7 de octubre de 2016


Georgia O’Keeffe en la Tate Modern


La Tate Modern ha organizado hasta fin de octubre de 2016 una exhibición de la obra de Georgia O’Keeffe,  al cumplirse 100 años de la primera muestra que realizó en 1916 en Nueva York en la Galería de quien fuera después su  marido, el fotógrafo y galerista Alfred Stieglitz.

Esta ha sido una excelente oportunidad para ver más de cien importantes obras de una de las pioneras del arte plástico del siglo XX, provenientes de diversas colecciones del mundo y reunidas en la Tate. Es una retrospectiva muy bien documentada que presenta didácticos paneles sobre la vida y obra de la artista.

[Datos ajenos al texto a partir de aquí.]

lemma hd_atom_rename_clause: "hd_atom (rename_clause \<rho> C) = asubst (hd_atom C) (\<lambda>x. Var (\<rho> x))"
  by (simp add: hd_atom_def rename_clause_def rename_term_def)

lemma bd_rename_clause: "bd (rename_clause \<rho> C) = gsubst (bd C) (\<lambda>x. Var (\<rho> x))"
  by (simp add: bd_def rename_clause_def)

lemma cvars_rename_clause: "cvars (rename_clause \<rho> C) = \<rho> ` cvars C"
  by (auto simp: cvars_def hd_atom_rename_clause bd_rename_clause avars_asubst gvars_gsubst)

lemma inj_extend_fresh:
  fixes \<rho> :: "nat \<Rightarrow> nat"
  assumes "inj \<rho>" and "finite K" and "finite X"
  obtains \<rho>' where "inj \<rho>'" and "\<forall>x\<in>K. \<rho>' x = \<rho> x" and "\<forall>x. x \<notin> K \<longrightarrow> \<rho>' x \<notin> X"
proof -
  have "infinite (UNIV - (\<rho> ` K \<union> X))"
    using assms(2,3) by (intro Diff_infinite_finite) auto
  then obtain e :: "nat \<Rightarrow> nat" where e: "inj e" "range e \<subseteq> UNIV - (\<rho> ` K \<union> X)"
    using infinite_countable_subset by blast
  let ?\<rho>' = "\<lambda>x. if x \<in> K then \<rho> x else e x"
  have "inj ?\<rho>'"
  proof (rule injI)
    fix x y assume "?\<rho>' x = ?\<rho>' y"
    moreover have "\<rho> w \<noteq> e z" and "e z \<noteq> \<rho> w" if "w \<in> K" for z w
      using e(2) that by blast+
    ultimately show "x = y"
      using assms(1) e(1) by (cases "x \<in> K"; cases "y \<in> K") (simp_all add: inj_eq)
  qed
  moreover have "\<forall>x. x \<notin> K \<longrightarrow> ?\<rho>' x \<notin> X" using e(2) by auto
  ultimately show thesis using that by simp
qed

lemma mgu_grounds_input_vars:
  assumes mode: "mode_for_program M P" and C: "C \<in> P" and sat: "atom_sat a M"
    and eqs: "atom_eqs a (hd_atom (rename_clause \<rho> C)) = Some E" and mgu: "is_mgu \<theta> E"
    and x: "x \<in> input_vars M (hd_atom C)"
  shows "ground (\<theta> (\<rho> x))"
proof -
  obtain p ts where hd: "hd_atom C = Pred p ts" by (simp add: hd_atom_def)
  from x obtain i ms where i: "i < length ts" "(p, ms) \<in> M" "length ms = length ts" "ms ! i"
    and x_i: "x \<in> tvars (ts ! i)"
    by (auto simp: hd)
  from eqs obtain ss where a: "a = Pred p ss" "length ss = length ts"
    and E: "E = zip ss (map (\<lambda>t. tsubst t (\<lambda>x. Var (\<rho> x))) ts)"
    by (cases a) (auto simp: hd hd_atom_rename_clause rename_term_def split: if_splits)
  from sat obtain ms' where ms': "(p, ms') \<in> M" "length ms' = length ss"
    "\<forall>i<length ss. ms' ! i \<longrightarrow> ground (ss ! i)"
    by (auto simp: a)
  have "(p, length ts) \<in> preds_prog P"
    using C by (force simp: preds_prog_def preds_goal_def hd)
  then have "ms' = ms"
    using mode ms' i a(2) by (auto simp: mode_for_program_def)
  then have "ground (ss ! i)" using ms' i a(2) by auto
  moreover have "(ss ! i, tsubst (ts ! i) (\<lambda>x. Var (\<rho> x))) \<in> set E"
    using i a(2) by (auto simp: E in_set_zip intro!: exI[of _ i])
  then have "tsubst (ss ! i) \<theta> = tsubst (ts ! i) (\<lambda>x. \<theta> (\<rho> x))"
    using mgu by (auto simp: is_mgu_def unifies_def tsubst_tsubst)
  ultimately show ?thesis
    using x_i by (metis ground_tsubst ground_tsubstD)
qed

lemma set_take_drop_Suc:
  assumes "i < length xs"
  shows "set (take i xs @ drop (Suc i) xs) = {xs ! j | j. j < length xs \<and> j \<noteq> i}"
proof (intro equalityI subsetI)
  fix A assume "A \<in> {xs ! j | j. j < length xs \<and> j \<noteq> i}"
  then obtain j where j: "j < length xs" "j \<noteq> i" "A = xs ! j" by blast
  show "A \<in> set (take i xs @ drop (Suc i) xs)"
  proof (cases "j < i")
    case True
    then show ?thesis using j by (auto simp: in_set_conv_nth intro!: exI[of _ j])
  next
    case False
    then show ?thesis using j by (auto simp: in_set_conv_nth intro!: exI[of _ "j - Suc i"])
  qed
qed (auto simp: in_set_conv_nth)

lemma all_other_nth_iff:
  assumes "i < length xs"
  shows "(\<forall>j<length xs. j \<noteq> i \<longrightarrow> P (xs ! j)) \<longleftrightarrow> (\<forall>A \<in># mset xs - {#xs ! i#}. P A)"
proof -
  have "mset xs - {#xs ! i#} = mset (take i xs @ drop (Suc i) xs)"
    by (subst (1) id_take_nth_drop[OF assms]) auto
  then show ?thesis using set_take_drop_Suc[OF assms] by auto
qed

O'Keeffe por Alfred Stieglitz
La exposición está desplegada en 13 salas dispuestas por orden cronológico, y se complementa con fotografías de Stieglitz y de otros fotógrafos amigos, como Paul Strand. Las fotografías del primer salón, junto a sus primeras obras, pertenecen a la segunda década del siglo veinte (1916-17), muestran a una O’Keefe joven y salvaje, posando desnuda. En las sucesivas salas, las fotografías de la ciudad de Nueva York o las de paisajes de Nuevo México, reflejan una íntima correspondencia con las pinturas de O’Keefe.



Georgia O’Keeffe es conocida por sus magníficas flores, esqueletos y paisajes en el desierto de Nuevo México. En esta exhibición se pueden admirar muchas pinturas que yo desconocía, desde sus primeros dibujos en grafito y carbonilla, los más expansivos trabajos en acuarela, que transmiten una especial atmósfera de imaginería sensual, hasta las últimas abstracciones de sencillos y polvorientos paisajes en óleo.

Las obras de un Manhattan nocturno con los grandes edificios iluminados por la luna, donde vivió largo tiempo en los años 20 después de casada, transmiten con luces y sombras el espíritu de la gran ciudad así como la soledad y el encierro.


La exposición muestra el desarrollo de la pintura de O’Keeffe desde una rica paleta en la representación de la genitalidad floral, en que se observa el logro de una profundidad abismal, gracias a la utilización de los diversos matices de cada color. Esa pintura va evolucionando a lo largo de los años en un paulatino despojamiento, hasta llegar a magníficos trabajos de una abstracción, economía y simplicidad absolutas, con el uso de solo dos o tres colores brillantes y despojados.

La muestra culmina con la exhibición de trabajos de los últimos años, que corresponden al final de su vida artística, que transmite toda su fuerza. Se repite una montaña con una grieta que la atraviesa en dos y en cada obra se observan pequeñas diferencias de forma con distintos colores, de una suavidad y simpleza – pero también sensible fuerza- que producen una agradable sensación de unión del cielo con la tierra. Estas últimas obras, las más grandes de la muestra - casi ricas variaciones sobre un mismo tema- me produjeron una peculiar y profunda emoción.

Ella vivió 98 años y desarrolló una particular forma de ser mujer, independiente y artista en un mundo de varones, aunque nunca quiso ser identificada con los movimientos feministas de su época.